Works for me! Check out Crenshaw's article. It even made a hardware
body like me understand and be able to use CRCs very easily, indeed.

Will

eug...@bitsoft.msk.su

unread,

Mar 13, 1996, 3:00:00 AM3/13/96

to

Jon Buller <bul...@bnr.ca> wrote:

> ... I can do it with no table, 40 bytes of code,
> and 28 cycles. ...

My code seems to be faster. Of course, if it works ;) (I have no time to test it)
I hope it calculates x^16+x^12+x^5+1.

push ACC
xrl A,lo
mov lo,A
swap A
anl A,#0f0h
xrl A,lo
mov lo,A
swap A
anl A,#0fh
xrl A,hi
xch A,lo
mov hi,A
swap A
rr A
xrl hi,A
anl A,#0f8h
xrl lo,A
xrl hi,A
pop ACC
ret

Eugene (eug...@bitsoft.msk.su)

Dwight Elvey

unread,

Mar 14, 1996, 3:00:00 AM3/14/96

to

Hi
If one is trying to save space and still
use a table look up, one can use a nibble lookup
table instead of the byte wise one. The 8051
has efficient nibble swaps so this should
be easy. To make it a little faster
one can use two tables, one for the hi input
nibble and one for the low input nibble.
This would require 2Bytes * 2^4 * 2 = 64Bytes
of tables. The extra code to do the second
lookup would still beat any code for the
simplified algorithm. It of course takes
more space.
I should make a note here as to how to
make the tables because from what I read,
many don't understand it. The tables are just
the equivilent XOR pattern that would be caused
if a specific input was given. All the CRC
algorithms have the effect of:
CRCSum = ( F(x) XOR CRCSum ) Rolled-By n
Where, F(x) is a value that is related to
the input x and the polynomial used and
n is the number of bits in x. This can also
be re-written as:
CRCSum = F'(x) XOR ( CRCSum Rolled-By n )
In each case F'(x) and F(x) are functions of
the input only and can be done with a lookup
table for any given polynomial. One can create
the XOR patterns by simply taking the 256 different
inputs, in the case of the 8 bit at a time, and
feeding them through the algorithm, with the
seed value of zero. All one has to do to determine
what value to XOR into the running sum for
a particular byte is to use the 8 bit value
as an index into the 16 bit table, fetch the
value and XOR it to the running sum and swap
the hi 8 bits with the low 8 bits of the sum
( in the case of a 16 bit crc sum ).
One can of course swap the low and hi before
doing the XOR if the table was generated to
reflect this.
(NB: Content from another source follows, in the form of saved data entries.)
lemma height_eq: "height Q = height Q'"
proof (rule height_eqI, intro equalityI subsetI)
  fix n assume "n \<in> card ` {C. is_chain Q C}"
  then obtain C where C: "is_chain Q C" "n = card C" by blast
  have "is_chain Q' (f ` C)"
    using C is_chain_image[of Q C f Q'] mono f_in unfolding is_chain_def by blast
  moreover have "card (f ` C) = n"
    using card_image[OF inj_on_chain[OF C(1)]] C(2) by simp
  ultimately show "n \<in> card ` {D. is_chain Q' D}" by force
next
  fix n assume "n \<in> card ` {D. is_chain Q' D}"
  then obtain D where D: "is_chain Q' D" "n = card D" by blast
  have sub: "D \<subseteq> fst Q'" using D(1) unfolding is_chain_def by blast
  have "is_chain Q (lift ` D)"
    using is_chain_image[OF D(1), of lift Q] sub lift_in lift_le_iff by blast
  moreover have "inj_on lift D"
    using sub f_lift by (metis inj_onI subsetD)
  then have "card (lift ` D) = n" using card_image D(2) by simp
  ultimately show "n \<in> card ` {C. is_chain Q C}" by force
qed

lemma restrict: "S \<subseteq> fst Q \<Longrightarrow> strict_quotient (S, snd Q) (f ` S, snd Q') f"
  by unfold_locales (auto intro: refl refl' f_in simp: le_iff subset_iff)

lemma image_up_set: "p \<in> fst Q \<Longrightarrow> f ` fst (up_set Q p) = fst (up_set Q' (f p))"
  unfolding up_set_def
  using mono f_in refl image_eq le_iff by (fastforce simp: image_iff)

lemma image_down_set: "p \<in> fst Q \<Longrightarrow> f ` fst (down_set Q p) = fst (down_set Q' (f p))"
  unfolding down_set_def
  using mono f_in refl image_eq le_iff by (fastforce simp: image_iff)

lemma interval_rank_eq:
  assumes "p \<in> fst Q"
  shows "interval_rank Q p = interval_rank Q' (f p)"
proof -
  have "up_set Q p = (fst (up_set Q p), snd Q)" "down_set Q p = (fst (down_set Q p), snd Q)"
    "up_set Q' (f p) = (fst (up_set Q' (f p)), snd Q')"
    "down_set Q' (f p) = (fst (down_set Q' (f p)), snd Q')"
    unfolding up_set_def down_set_def by simp_all
  moreover have "fst (up_set Q p) \<subseteq> fst Q" "fst (down_set Q p) \<subseteq> fst Q"
    unfolding up_set_def down_set_def by auto
  ultimately have "height (up_set Q p) = height (up_set Q' (f p))"
    "height (down_set Q p) = height (down_set Q' (f p))"
    using strict_quotient.height_eq[OF restrict] image_up_set[OF assms] image_down_set[OF assms]
    by metis+
  then show ?thesis unfolding interval_rank_def using height_eq by simp
qed

lemma RAll_Rplus: "strict_quotient (RAll Q) (Rplus Q') (interval_rank Q' \<circ> f)"
proof -
  have "(interval_rank Q' \<circ> f) ` fst Q = interval_rank Q' ` fst Q'"
    using image_eq by (metis image_comp)
  then show ?thesis
    by unfold_locales (auto simp: RAll_def Rplus_def weak_le_def interval_rank_eq)
qed

lemma is_poset:
  assumes "is_poset Q"
  shows "is_poset Q'"
proof -
  have "x = y" if "x \<in> fst Q'" "y \<in> fst Q'" "snd Q' x y" "snd Q' y x" for x y
  proof -
    have "snd Q (lift x) (lift y)" "snd Q (lift y) (lift x)"
      using that lift_le_iff by simp_all
    then have "lift x = lift y"
      using assms lift_in[OF that(1)] lift_in[OF that(2)] unfolding is_poset_iff by blast
    then show ?thesis using that f_lift by metis
  qed
  moreover have "snd Q' x z"
    if "x \<in> fst Q'" "y \<in> fst Q'" "z \<in> fst Q'" "snd Q' x y" "snd Q' y z" for x y z
  proof -
    have "snd Q (lift x) (lift y)" "snd Q (lift y) (lift z)"
      using that lift_le_iff by simp_all
    then have "snd Q (lift x) (lift z)"
      using assms lift_in that(1-3) unfolding is_poset_iff by blast
    then show ?thesis using that lift_le_iff by simp
  qed
  ultimately show ?thesis unfolding is_poset_iff using refl' by blast
qed

lemma is_bot: "is_bot Q b \<Longrightarrow> is_bot Q' (f b)"
  unfolding is_bot_def by (metis f_in image_eq imageE mono)

lemma is_top: "is_top Q t \<Longrightarrow> is_top Q' (f t)"
  unfolding is_top_def by (metis f_in image_eq imageE mono)

lemma top_fibre: "is_top Q t \<Longrightarrow> p \<in> fst Q \<Longrightarrow> f p = f t \<Longrightarrow> p = t"
  unfolding is_top_def by (metis le_iff)

lemma covered_by_lift:
  assumes "covered_by Q' x y"
  shows "covered_by Q (lift x) (lift y)"
proof -
  have x: "x \<in> fst Q'" and y: "y \<in> fst Q'" and "snd Q' x y" "x \<noteq> y"
    and no_between: "\<And>c. c \<in> fst Q' \<Longrightarrow> snd Q' x c \<Longrightarrow> snd Q' c y \<Longrightarrow> c = x \<or> c = y"
    using assms unfolding covered_by_def by blast+
  have "c = lift x \<or> c = lift y"
    if c: "c \<in> fst Q" "snd Q (lift x) c" "snd Q c (lift y)" for c
  proof (rule ccontr)
    assume "\<not> (c = lift x \<or> c = lift y)"
    then have "f c \<noteq> x" "f c \<noteq> y"
      using le_iff[OF lift_in[OF x] c(1)] le_iff[OF c(1) lift_in[OF y]] c f_lift x y by auto
    moreover have "snd Q' x (f c)" "snd Q' (f c) y"
      using mono[OF lift_in[OF x] c(1)] mono[OF c(1) lift_in[OF y]] c f_lift x y by auto
    ultimately show False using no_between f_in[OF c(1)] by blast
  qed
  moreover have "snd Q (lift x) (lift y)" "lift x \<noteq> lift y"
    using lift_le_iff x y \<open>snd Q' x y\<close> \<open>x \<noteq> y\<close> f_lift by metis+
  ultimately show ?thesis
    unfolding covered_by_def using lift_in x y by blast
qed

lemma graded: "graded Q \<Longrightarrow> graded Q'"
proof -
  assume "graded Q"
  then obtain \<rho> where "bounded_poset Q"
    and below: "\<forall>x\<in>fst Q. \<rho> x < height Q"
    and top: "\<forall>t. is_top Q t \<longrightarrow> \<rho> t = 0"
    and cover: "\<forall>a b. covered_by Q a b \<longrightarrow> \<rho> a = \<rho> b + 1"
    unfolding graded_def by blast
  then obtain b t where b: "is_bot Q b" and t: "is_top Q t"
    and poset: "is_poset Q" unfolding bounded_poset_def by blast
  have poset': "is_poset Q'" using is_poset[OF poset] .
  have lift_top: "lift s = t" if "is_top Q' s" for s
  proof -
    have "s = f t"
      using that is_top[OF t] poset' unfolding is_top_def is_poset_iff by blast
    then show ?thesis
      using that top_fibre[OF t] lift_in f_lift unfolding is_top_def by blast
  qed
  have "(\<forall>x\<in>fst Q'. (\<rho> \<circ> lift) x < height Q') \<and> (\<forall>s. is_top Q' s \<longrightarrow> (\<rho> \<circ> lift) s = 0) \<and>
      (\<forall>x y. covered_by Q' x y \<longrightarrow> (\<rho> \<circ> lift) x = (\<rho> \<circ> lift) y + 1)"
    using below top cover lift_in height_eq t lift_top covered_by_lift by auto
  moreover have "bounded_poset Q'"
    unfolding bounded_poset_def using poset' is_bot[OF b] is_top[OF t] by blast
  ultimately show "graded Q'" unfolding graded_def by blast
qed

end

lemma strict_quotient_self: "(\<forall>x\<in>fst P. snd P x x) \<Longrightarrow> strict_quotient P P id"
  by unfold_locales auto

lemma RAll_iter_strict_quotient_Rplus_iter:
  assumes "\<forall>x\<in>fst P. snd P x x"
  shows "\<exists>f. strict_quotient (RAll_iter (Suc k) P) (Rplus_iter k P) f"
proof (induction k)
  case 0
  show ?case
    using strict_quotient.RAll_Rplus[OF strict_quotient_self[OF assms]]
    unfolding RAll_iter_def by auto
next
  case (Suc k)
  then show ?case
    unfolding RAll_iter_def by (auto dest: strict_quotient.RAll_Rplus)
qed

theorem lemma2:
  fixes P :: "'a poset" and m :: nat
  assumes "finite (fst P)"
    and "bounded_poset P"
    and "card (fst P) \<ge> 2"
    and "graded (RAll_iter m P)"
  shows "if m = 0 then graded P else graded (Rplus_iter (m - 1) P)"
proof (cases m)
  case 0
  then show ?thesis using assms(4) unfolding RAll_iter_def by simp
next
  case (Suc k)
  have "\<forall>x\<in>fst P. snd P x x"
    using assms(2) unfolding bounded_poset_def is_poset_iff by blast
  then obtain f where "strict_quotient (RAll_iter (Suc k) P) (Rplus_iter k P) f"
    using RAll_iter_strict_quotient_Rplus_iter by blast
  then have "graded (Rplus_iter k P)"
    using strict_quotient.graded assms(4) Suc by blast
  then show ?thesis using Suc by simp
qed

end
One can apply the same basic technic
to any sized input group. This is why I've
suggested doing two nibbles. It seems the
best compromise of speed and memory size.
( table = 64 bytes vs. 512 bytes )
Now back to the original questions. I haven't
totally figured out how the clever code by Jon Buller
works, but it looks like it takes advantage
of the fact that the polynomial x^16+x^15+x^2+1
has no terms in the range of x^7 to x^14. The
polynomial x^16+x^12+x^5+1 has the term x^12
that looks like it would destroy much chance
of making such a simple algorithm. When I figure
out Jon Buller's algorithm, I'll know better if
what I suspect is true and if a simple code
sequence as his can be applied to the polynomial
x^16+x^12+x^5+1. If so I'll publish it here for
all to use.
Dwight

Joel Estes

unread,

Mar 14, 1996, 3:00:00 AM3/14/96

to

Jon Buller <bul...@bnr.ca> wrote:
>steve.m...@ifrsys.com (Steve Meirowsky) wrote:
>>The fastest code is uses a look up table to help. I'm at home and don't
>>have the code with me. Send me Email.
>

It's been a long time since I coded CRC routines,
>but a fast version would need (as I remember) a 64Kx16 table which is the
>ENTIRE memory of the 8051.

I believe that the table necessary for the CRC is 256 bytes, plus
some for the code. (Reference CRC article in Summer 1987 issue of
C Users Journal).

Regardz(tm),

Joel Estes

Ulf Soderberg

unread,

Mar 14, 1996, 3:00:00 AM3/14/96

to

Joel Estes wrote:
> I believe that the table necessary for the CRC is 256 bytes, plus
> some for the code. (Reference CRC article in Summer 1987 issue of
> C Users Journal).

If I don't remember wrong the table is 256 16-bit words, which would be 512 bytes.

--
Ulf Soderberg System Innovation Development AB
ul...@sysinno.se http://www.sysinno.se/

Jon Buller

unread,

Mar 15, 1996, 3:00:00 AM3/15/96

to

Dwight Elvey wrote:

[stuff about using tables to do CRCs 4 bits at a time deleted]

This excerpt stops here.